There are levels of skull duggery. Hiring someone to pretend to work for a competitor while secretly sabotaging them is a whole other level of skullduggery with a lot of liability attached. I don't think that would be worth it to them.
You say all this after recent documents were revealed about Facebook intercepting and analyzing Snapchat encrypted traffic via a man-in-the-middle conspiracy.
> Maybe I'm out of the loop but is intentionality settled here?
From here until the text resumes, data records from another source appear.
lemma ball_meets_faces_bound:
  fixes V :: "'a::real_inner set"
  assumes "Suc k \<le> n" "finite V" "card V = n" "barycentric_gradients V h"
    "ball_meets_faces V k c R" "1 \<le> k"
  shows "real (n - 1) * real (n - k) / real k \<le> R * (\<Sum>v\<in>V. norm (h v))\<^sup>2"
  using assms(1-5)
proof (induction n arbitrary: V h c R rule: nat_induct_at_least)
  case base
  then have "1 \<le> R * (\<Sum>v\<in>V. norm (h v))\<^sup>2"
    by (intro ball_meets_facets_bound) auto
  then show ?case
    using \<open>1 \<le> k\<close> by simp
next
  case (Suc n)
  define t l x where "t j = norm (h j)" and "l j = barycentric_coord h j c"
    and "x j = (\<Sum>i\<in>V - {j}. norm (reject (h j) (h i)))" for j
  define \<alpha> where "\<alpha> = real (n - 1) * real (n - k) / real k"
  have "0 < \<alpha>"
    using Suc.hyps \<open>1 \<le> k\<close> by (simp add: \<alpha>_def)
  have card_facet: "card (V - {j}) = n" if "j \<in> V" for j
    using Suc.prems(1,2) that by simp
  have t: "0 < t j" if "j \<in> V" for j
  proof -
    have "0 < card (V - {j})"
      using card_facet[OF that] Suc.hyps by simp
    then obtain u where "u \<in> V - {j}"
      by (metis card_gt_0_iff ex_in_conv)
    then show ?thesis
      using barycentric_gradient_nonzero[OF Suc.prems(3) that] by (auto simp: t_def)
  qed
  have facet: "\<alpha> \<le> (R - (l j)\<^sup>2 / (t j)\<^sup>2) * (x j)\<^sup>2" if j: "j \<in> V" for j
    unfolding \<alpha>_def l_def t_def x_def
    using Suc.IH[OF _ card_facet[OF j] barycentric_gradients_facet[OF Suc.prems(1,3) j]
        ball_meets_faces_facet[OF Suc.prems(3) j Suc.prems(4)]] Suc.prems(1)
    by simp
  have x: "0 < x j" if "j \<in> V" for j
  proof -
    have "x j \<noteq> 0"
      using facet[OF that] \<open>0 < \<alpha>\<close> by auto
    then show ?thesis
      by (simp add: x_def sum_nonneg order_less_le)
  qed
  have R: "(l j)\<^sup>2 / (t j)\<^sup>2 + \<alpha> / (x j)\<^sup>2 \<le> R" if "j \<in> V" for j
  proof -
    have "\<alpha> / (x j)\<^sup>2 \<le> R - (l j)\<^sup>2 / (t j)\<^sup>2"
      using facet[OF that] x[OF that] by (metis pos_divide_le_eq zero_less_power)
    then show ?thesis
      by simp
  qed
  have "real (Suc n) * (\<Sum>j\<in>V. t j * x j)\<^sup>2 \<le> (real (Suc n) - 2) * (\<Sum>j\<in>V. t j) ^ 4"
    using sum_parallelogram_areas_le[of V h] Suc.prems
    by (simp add: t_def x_def sum_distrib_left barycentric_gradients_def)
  then have "real (Suc n) / (real n - 1) * (\<Sum>j\<in>V. t j * x j)\<^sup>2 \<le> (\<Sum>j\<in>V. t j) ^ 4"
    using Suc.hyps \<open>1 \<le> k\<close> by (simp add: field_simps)
  moreover have "V \<noteq> {}"
    using Suc.prems(2) by auto
  then have "sum l V = 1"
    unfolding l_def using Suc.prems(1,3) by (intro sum_barycentric_coord)
  ultimately have "1 + \<alpha> * (real (Suc n) / (real n - 1)) \<le> R * (\<Sum>j\<in>V. t j)\<^sup>2"
    using t x R \<open>0 < \<alpha>\<close> by (intro combine_facet_bounds[where l = l]) auto
  moreover have "real (Suc n - 1) * real (Suc n - k) / real k = 1 + \<alpha> * (real (Suc n) / (real n - 1))"
    using Suc.hyps \<open>1 \<le> k\<close> by (simp add: \<alpha>_def of_nat_diff field_simps)
  ultimately show ?case
    by (simp add: t_def)
qed

lemma ball_meets_faces_cball:
  assumes "\<forall>F. F \<subseteq> V \<and> card F = k \<longrightarrow> cball c \<rho> \<inter> affine hull F \<noteq> {}"
  shows "ball_meets_faces V k c (\<rho>\<^sup>2)"
  unfolding ball_meets_faces_def
proof (intro allI impI)
  fix F assume "F \<subseteq> V \<and> card F = k"
  then have "cball c \<rho> \<inter> affine hull F \<noteq> {}"
    using assms by blast
  then obtain y where "y \<in> affine hull F" "dist c y \<le> \<rho>"
    by auto
  then show "\<exists>y\<in>affine hull F. (norm (c - y))\<^sup>2 \<le> \<rho>\<^sup>2"
    by (metis dist_norm power_mono zero_le_dist)
qed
Yes. The exploit used a payload, that was stored in the tests directory as a binary compression test case, but which is very clearly a very intentional exploit payload.
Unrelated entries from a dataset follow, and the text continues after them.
lemma chi_sum_vecs_on:
  assumes fA: "finite A" and xV: "x \<in> vecs_on A"
  shows "(\<Sum>y\<in>vecs_on A. chi x y) = (if x = bzero then 2 ^ card A else 0)"
proof (cases "x = bzero")
  case True
  then show ?thesis using card_vecs_on[OF fA] by (simp add: chi_def dot_def bzero_def)
next
  case False
  then obtain i0 where xi: "x i0" unfolding bzero_def by auto
  define e where "e = (\<lambda>i. i = i0)"
  have eV: "e \<in> vecs_on A" using xi xV by (auto simp: vecs_on_def e_def)
  have "{i. e i \<and> x i} = {i0}" unfolding e_def using xi by auto
  then have odd_e: "odd (dot e x)" unfolding dot_def by simp
  have "sum (chi x) (vecs_on A) = 0"
  proof (rule sum_zero_by_sign_reversal[where f="\<lambda>y. badd y e"])
    show "bij_betw (\<lambda>y. badd y e) (vecs_on A) (vecs_on A)"
      by (rule bij_betw_byWitness[where f'="\<lambda>y. badd y e"]) (auto simp: badd_cancel badd_vecs_on eV)
    show "chi x (badd y e) = - chi x y" if "y \<in> vecs_on A" for y
      using even_dot_badd[OF fA xV, of y e] odd_e by (auto simp: chi_def dot_sym)
  qed
  then show ?thesis using False by simp
qed

lemma chi_sum_subspace:
  assumes fA: "finite A" and L: "subspace_on A C" and yV: "y \<in> vecs_on A"
  shows "(\<Sum>x\<in>C. chi x y) = (if y \<in> orth A C then int (card C) else 0)"
proof (cases "y \<in> orth A C")
  case True
  then show ?thesis by (simp add: chi_def orth_def)
next
  case False
  then obtain x0 where x0: "x0 \<in> C" "odd (dot x0 y)" using yV orth_def by auto
  have "sum (\<lambda>x. chi x y) C = 0"
  proof (rule sum_zero_by_sign_reversal[where f="\<lambda>x. badd x x0"])
    show "bij_betw (\<lambda>x. badd x x0) C C"
      by (rule bij_betw_byWitness[where f'="\<lambda>x. badd x x0"])
        (use L x0 in \<open>auto simp: badd_cancel subspace_on_def\<close>)
    show "chi (badd x x0) y = - chi x y" if "x \<in> C" for x
      using even_dot_badd[OF fA yV, of x x0] x0 by (auto simp: chi_def)
  qed
  then show ?thesis using False by simp
qed

lemma card_mult_card_orth:
  assumes fA: "finite A" and L: "subspace_on A C"
  shows "card C * card (orth A C) = 2 ^ card A"
proof -
  have CV: "C \<subseteq> vecs_on A" and z: "bzero \<in> C" using L by (auto simp: subspace_on_def)
  have fV: "finite (vecs_on A)" using card_vecs_on[OF fA] by simp
  have "(\<Sum>x\<in>C. \<Sum>y\<in>vecs_on A. chi x y) = (\<Sum>x\<in>C. if x = bzero then 2 ^ card A else 0)"
    using chi_sum_vecs_on[OF fA] CV by (intro sum.cong) auto
  also have "\<dots> = 2 ^ card A" using subspace_on_finite[OF fA L] z by (simp add: sum.delta)
  finally have by_rows: "(\<Sum>x\<in>C. \<Sum>y\<in>vecs_on A. chi x y) = 2 ^ card A" .
  have "(\<Sum>y\<in>vecs_on A. \<Sum>x\<in>C. chi x y) =
      (\<Sum>y\<in>vecs_on A. if y \<in> orth A C then int (card C) else 0)"
    using chi_sum_subspace[OF fA L] by (intro sum.cong) auto
  also have "\<dots> = (\<Sum>y\<in>orth A C. int (card C))"
    using sum.inter_restrict[OF fV, of "\<lambda>y. int (card C)" "orth A C"]
    by (simp add: Int_absorb1 orth_def)
  finally have by_cols: "(\<Sum>y\<in>vecs_on A. \<Sum>x\<in>C. chi x y) = int (card (orth A C)) * int (card C)"
    by simp
  have "int (card C * card (orth A C)) = (\<Sum>y\<in>vecs_on A. \<Sum>x\<in>C. chi x y)"
    using by_cols by simp
  also have "\<dots> = (\<Sum>x\<in>C. \<Sum>y\<in>vecs_on A. chi x y)" by (rule sum.swap[symmetric])
  also have "\<dots> = 2 ^ card A" by (rule by_rows)
  finally have "int (card C * card (orth A C)) = 2 ^ card A" .
  then show ?thesis by (metis of_nat_eq_of_nat_power_cancel_iff of_nat_numeral)
qed

lemma orth_orth:
  assumes fA: "finite A" and L: "subspace_on A C"
  shows "orth A (orth A C) = C"
proof -
  have CV: "C \<subseteq> vecs_on A" using L subspace_on_def by auto
  have L2: "subspace_on A (orth A C)" by (rule subspace_on_orth[OF fA CV])
  have L3: "subspace_on A (orth A (orth A C))"
    by (rule subspace_on_orth[OF fA]) (use L2 in \<open>auto simp: subspace_on_def\<close>)
  have "card (orth A C) > 0"
    using L2 subspace_on_finite[OF fA L2] by (auto simp: subspace_on_def card_gt_0_iff)
  then have "card (orth A (orth A C)) = card C"
    using card_mult_card_orth[OF fA L] card_mult_card_orth[OF fA L2]
    by (metis mult.commute mult_left_cancel neq0_conv)
  moreover have "C \<subseteq> orth A (orth A C)" using CV by (auto simp: orth_def dot_sym)
  ultimately show ?thesis using subspace_on_finite[OF fA L3] card_subset_eq by metis
qed

lemma dual_code_eq_orth: "dual_code n C = orth {..<n} C"
proof -
  have "card {i\<in>{..<n}. x i \<and> y i} = dot x y" if "y \<in> bvecs n" for x y
  proof -
    have "{i\<in>{..<n}. x i \<and> y i} = {i. x i \<and> y i}"
      using that by (auto simp: bvecs_def not_le[symmetric])
    then show ?thesis by (simp add: dot_def)
  qed
  then show ?thesis unfolding dual_code_def orth_def bvecs_eq_vecs_on[symmetric] by auto
qed

lemma card_dual_code:
  assumes "binary_linear_code n C" "card C = 2 ^ k"
  shows "k \<le> n" "card (orth {..<n} C) = 2 ^ (n - k)"
proof -
  have L: "subspace_on {..<n} C" by (rule binary_linear_code_subspace_on[OF assms(1)])
  let ?D = "orth {..<n} C"
  have prod: "2 ^ k * card ?D = 2 ^ n"
    using card_mult_card_orth[OF _ L] assms(2) by simp
  have LD: "subspace_on {..<n} ?D"
    by (rule subspace_on_orth) (use L in \<open>auto simp: subspace_on_def\<close>)
  have "card ?D \<ge> 1"
    using LD subspace_on_finite[OF _ LD] by (auto simp: subspace_on_def Suc_le_eq card_gt_0_iff)
  then have "(2::nat) ^ k \<le> 2 ^ n" using prod by (metis mult_le_mono2 mult.right_neutral)
  then show kn: "k \<le> n" by simp
  have "2 ^ k * card ?D = 2 ^ k * 2 ^ (n - k)"
    using prod kn by (simp add: power_add[symmetric])
  then show "card ?D = 2 ^ (n - k)" by simp
qed

section \<open>Row spaces and extension of independent rows\<close>

lemma badd_row_sum:
  assumes "finite R1" "finite R2"
  shows "badd (row_sum H R1) (row_sum H R2) = row_sum H ((R1 - R2) \<union> (R2 - R1))"
proof
  fix j
  have sd: "{r\<in>(R1 - R2) \<union> (R2 - R1). H r j} =
      ({r\<in>R1. H r j} - {r\<in>R2. H r j}) \<union> ({r\<in>R2. H r j} - {r\<in>R1. H r j})"
    by auto
  show "badd (row_sum H R1) (row_sum H R2) j = row_sum H ((R1 - R2) \<union> (R2 - R1)) j"
    unfolding badd_def row_sum_def sd
    using even_card_sym_diff[of "{r\<in>R1. H r j}" "{r\<in>R2. H r j}"] assms by auto
qed

lemma row_sum_insert:
  assumes "finite R" "m \<notin> R"
  shows "row_sum H (insert m R) = badd (row_sum H R) (H m)"
proof
  fix j
  show "row_sum H (insert m R) j = badd (row_sum H R) (H m) j"
  proof (cases "H m j")
    case True
    then have "{r\<in>insert m R. H r j} = insert m {r\<in>R. H r j}" by auto
    then show ?thesis using True assms by (simp add: row_sum_def badd_def)
  next
    case False
    then have "{r\<in>insert m R. H r j} = {r\<in>R. H r j}" by auto
    then show ?thesis using False by (simp add: row_sum_def badd_def)
  qed
qed

lemma row_sum_cong: "(\<And>r. r \<in> R \<Longrightarrow> H r = H' r) \<Longrightarrow> row_sum H R = row_sum H' R"
  unfolding row_sum_def by (metis (mono_tags, lifting) Collect_cong)

lemma row_space_cong: "(\<And>r. r < m \<Longrightarrow> H r = H' r) \<Longrightarrow> row_space m H = row_space m H'"
  unfolding row_space_def by (intro image_cong refl row_sum_cong) auto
All the sneaky stuff was about deploying that payload without it being obvious.
I'd never suspect this to be intentional if I'd spot it in a patch, even given the consequences in this particular case.
I have written and committed things into code instead of writing it into some other window several times. Without a linter I probably wouldn't spot an extra dot when reviewing my own change before sending it out.
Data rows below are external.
lemma PFP_distr_remainder_bound:
  fixes X Y :: "'m \<Rightarrow> 'a::euclidean_space"
  assumes X: "X \<in> borel_measurable M" and Y: "Y \<in> borel_measurable M"
    and iX: "integrable M (\<lambda>t. norm (X t) ^ 2)" and iY: "integrable M (\<lambda>t. norm (Y t) ^ 2)"
  defines "a \<equiv> \<integral>t. norm (X t) ^ 2 \<partial>M" and "c \<equiv> \<integral>t. norm (Y t - X t) ^ 2 \<partial>M"
  shows "\<bar>PFP (distr M borel Y) - PFP (distr M borel X)
      - 4 * (\<integral>t. frame_op (distr M borel X) (X t) \<bullet> (Y t - X t) \<partial>M)\<bar>
    \<le> (real DIM('a))\<^sup>2 * (10 * a * c + 2 * c\<^sup>2)"
proof -
  define E where "E = (\<lambda>t. Y t - X t)"
  have E: "E \<in> borel_measurable M" and iE: "integrable M (\<lambda>t. norm (E t) ^ 2)"
    using integrable_norm_square_diff[OF X Y iX iY] X Y by (simp_all add: E_def borel_measurable_diff)
  define m where "m = cross_moment M X X"
  define N where "N = cross_moment M X E"
  define Q where "Q = cross_moment M E E"
  define b where "b = (\<integral>t. norm (X t) * norm (E t) \<partial>M)"
  have "Y = (\<lambda>t. X t + E t)" by (simp add: E_def)
  then have PFP_Y: "PFP (distr M borel Y) = (\<Sum>i\<in>Basis. \<Sum>j\<in>Basis. (m i j + N i j + N j i + Q i j)\<^sup>2)"
    using PFP_distr[OF Y iY] cross_moment_add[OF X E iX iE] by (simp add: m_def N_def Q_def)
  have PFP_X: "PFP (distr M borel X) = (\<Sum>i\<in>Basis. \<Sum>j\<in>Basis. (m i j)\<^sup>2)"
    using PFP_distr[OF X iX] by (simp add: m_def)
  have "(\<integral>t. frame_op (distr M borel X) (X t) \<bullet> E t \<partial>M)
      = (\<integral>t. (\<Sum>i\<in>Basis. \<Sum>j\<in>Basis. m i j * ((X t \<bullet> i) * (E t \<bullet> j))) \<partial>M)"
    by (simp add: frame_op_distr_inner[OF X iX] m_def ac_simps)
  also have "\<dots> = (\<Sum>i\<in>Basis. \<Sum>j\<in>Basis. m i j * N i j)"
    using integrable_inner_mult_inner[OF X E iX iE]
    by (simp add: integral_sum integrable_sum N_def cross_moment_def)
  finally have linear_term: "(\<integral>t. frame_op (distr M borel X) (X t) \<bullet> E t \<partial>M)
      = (\<Sum>i\<in>Basis. \<Sum>j\<in>Basis. m i j * N i j)" .
  have "m i j = m j i" for i j
    by (simp add: m_def cross_moment_def mult.commute)
  then have remainder: "PFP (distr M borel Y) - PFP (distr M borel X)
      - 4 * (\<integral>t. frame_op (distr M borel X) (X t) \<bullet> (Y t - X t) \<partial>M)
    = (\<Sum>i\<in>Basis. \<Sum>j\<in>Basis. 2 * m i j * Q i j + (N i j + N j i + Q i j)\<^sup>2)"
    unfolding PFP_Y PFP_X linear_term[unfolded E_def] by (rule sum_square_perturbation)
  have "b\<^sup>2 \<le> a * c"
    using Cauchy_Schwarz_integral[of "\<lambda>t. norm (X t)" M "\<lambda>t. norm (E t)"] X E iX iE
      integrable_norm_mult_norm[OF X E iX iE]
    by (simp add: a_def b_def c_def E_def)
  then have entry: "\<bar>2 * m i j * Q i j + (N i j + N j i + Q i j)\<^sup>2\<bar> \<le> 10 * a * c + 2 * c\<^sup>2"
    if "i \<in> Basis" "j \<in> Basis" for i j
    using that abs_cross_moment_le[OF X X iX iX] abs_cross_moment_le[OF X E iX iE]
      abs_cross_moment_le[OF E E iE iE]
    by (intro perturbation_entry_bound)
      (simp_all add: m_def N_def Q_def a_def b_def c_def E_def power2_eq_square)
  have "\<bar>\<Sum>i\<in>Basis. \<Sum>j\<in>Basis. 2 * m i j * Q i j + (N i j + N j i + Q i j)\<^sup>2\<bar>
      \<le> (\<Sum>i\<in>(Basis::'a set). \<Sum>j\<in>(Basis::'a set). 10 * a * c + 2 * c\<^sup>2)"
    using entry by (intro order_trans[OF sum_abs sum_mono] order_trans[OF sum_abs sum_mono]) auto
  then show ?thesis
    unfolding remainder by (simp add: power2_eq_square)
qed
I love this type of hindsight to 20-10 comment. "If I saw...". That is a BIG if. Plenty of smart people on that mailing also missed it. I missed it myself when I opened the HN lead link. Very subtle.
It may be hard for him to re-establish trust. Maintaining xz for more than a decade then doing this would be quite a "long con" but if HN threads are any indication, many will still be suspicious.
His commits on these links look legit to me. It's a sad situation for him if he wasn't involved.
Honestly, he should call it quits and just drop xz utils and move on with life.
He maintained it for 15 years and struggled to get anyone else to help until Jia showed up. Meanwhile the Linux ecosystem depended on it.
The Linux ecosystem will either figure shit out and maintain it or move into a different archive library.
I worry about his home/personal system, this guy seems to have befriended Lasse in order to get the position, is it possible Lasse himself has been compromised?
I'd be nuking everything, possibly even disposing of hardware and setting up a new verifiable online identity on a clean system/hardware.
It’s a giant block of new code, what is it supposed to do beyond tell you it’s a giant block of new code?
Note that this is C code inside if a cmake string, even if your diff can do highlighting the odds it would highlight that are low, and if it did highlighting is generally just lexing so there wouldn’t be much to show.
I don't love unified diffs as a rule either. They're very noisy to read in general.
A side by side in something like "meld" will highlight changes but also means you're reading the full context as it will exist in the code base.
My number one complaint about "code review" is the number of people who simply run their eyes over the diff (in private orgs) because management says "code review" and that's as far as they ever take that in terms of defining outcomes.
The function is “check_c_source_compiles”. The comment indicates that the intention is to confirm that the Landlock functionality can be compiled on the system, in which case it will be enabled.
The stray dot isn’t valid C, so it will never compile. By ensuring it can never compile, Landlock will never be enabled.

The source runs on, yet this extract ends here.